Countrywide Financial Corp. and other mortgage companies are facing "unprecedented disruptions" in debt and mortgage-finance markets that could hurt earnings and the company's financial condition, the Calabasas, Calif., lender said in a regulatory filing.


"While we believe we have adequate funding liquidity," it said in a quarterly filing with the Securities and Exchange Commission, "the situation is rapidly evolving and the impact on the company is unknown."

Payments were at least 30 days late on about 20% of "nonprime" mortgages serviced by Countrywide as of June 30, up from 14% a year earlier.
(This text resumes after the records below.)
(* Let $\theta_0:\mathbb{R}^d\to\mathbb{R}^{d_\theta}$ be measurable and for each $N\ge1$ let $\hat\theta_N$ be a (possibly random) $\mathbb{R}^{d_\theta}$-valued estimator built from data independent of $X^s,X^t$. Suppose (i) $\|\hat\theta_N(X^s)\|_\infty\le\xi_N$ a.s. for every $N\ge1$; (ii) $\mathbb{E}\|\theta_0(X^s)\|_\infty^8<\infty$; (iii) there are constants $c>0$, $m\ge0$ with $r_0(x)\le c\exp(m\|x\|_\infty)$ for all $x$; (iv) $\mathbb{E}[r_0(X^s)^2]<\infty$; (v) $\mathbb{E}\exp(\varsigma\|X^s\|_\infty^2)<\infty$ for some constant $\varsigma>0$. Then for $N\ge2$, $$\mathbb{E}\|\hat\theta_N(X^t)-\theta_0(X^t)\|_2^2=\mathbb{E}\big[\|\hat\theta_N(X^s)-\theta_0(X^s)\|_2^2r_0(X^s)\big]\le c_1\exp\{c_2(\log N)^{1/2}\}\,\mathbb{E}\|\hat\theta_N(X^s)-\theta_0(X^s)\|_2^2+\frac{c_3d_\theta(\xi_N^2+1)}{N},$$ with constants $c_1,c_2,c_3$ not depending on $N$.
   Context: $X^s,X^t$ are random vectors in $\mathbb{R}^d$ with Lebesgue densities $p,q$, $\{q>0\}\subset\{p>0\}$, and density ratio $r_0=q/p$ (with $0/0=0$). Expectations are over both the test point and the randomness of $\hat\theta_N$. *)

theory Defs
  imports "HOL-Probability.Probability"
begin

definition linf_norm :: "real ^ 'n \<Rightarrow> real" where
  "linf_norm x = Max (range (\<lambda>i. \<bar>x $ i\<bar>))"

definition density_ratio :: "('a \<Rightarrow> real) \<Rightarrow> ('a \<Rightarrow> real) \<Rightarrow> 'a \<Rightarrow> real" where
  "density_ratio p q x = (if p x = 0 then 0 else q x / p x)"

end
Nonprime includes loans to people with weak credit records and high debt in relation to their income, as well as to people who don't document their income or assets. On prime home equity loans, the delinquency rate was 3.7%, up from 1.5% a year before. For all loans, the rate was 5%, up from 3.9%.

In a sign of the growing difficulty in selling loans, Countrywide said that it transferred $1 billion of nonprime mortgages from its "held for sale" category to "held for investment" in the first half. Countrywide marked the value of those loans down to $800 million.

That means that they are provisioning 20% of the mortages, i.e. that they are already counting these as losses. Actual losses will only be known later, as borrowers make payments or not - if the losses are lwoer than expected, the company will be able to book a profit by taking back these provisions; if worse, at least a portion of the losses will have been covered already. This is a way to spread losses over time - but it does mean that this quarter's accounts ARE impacted.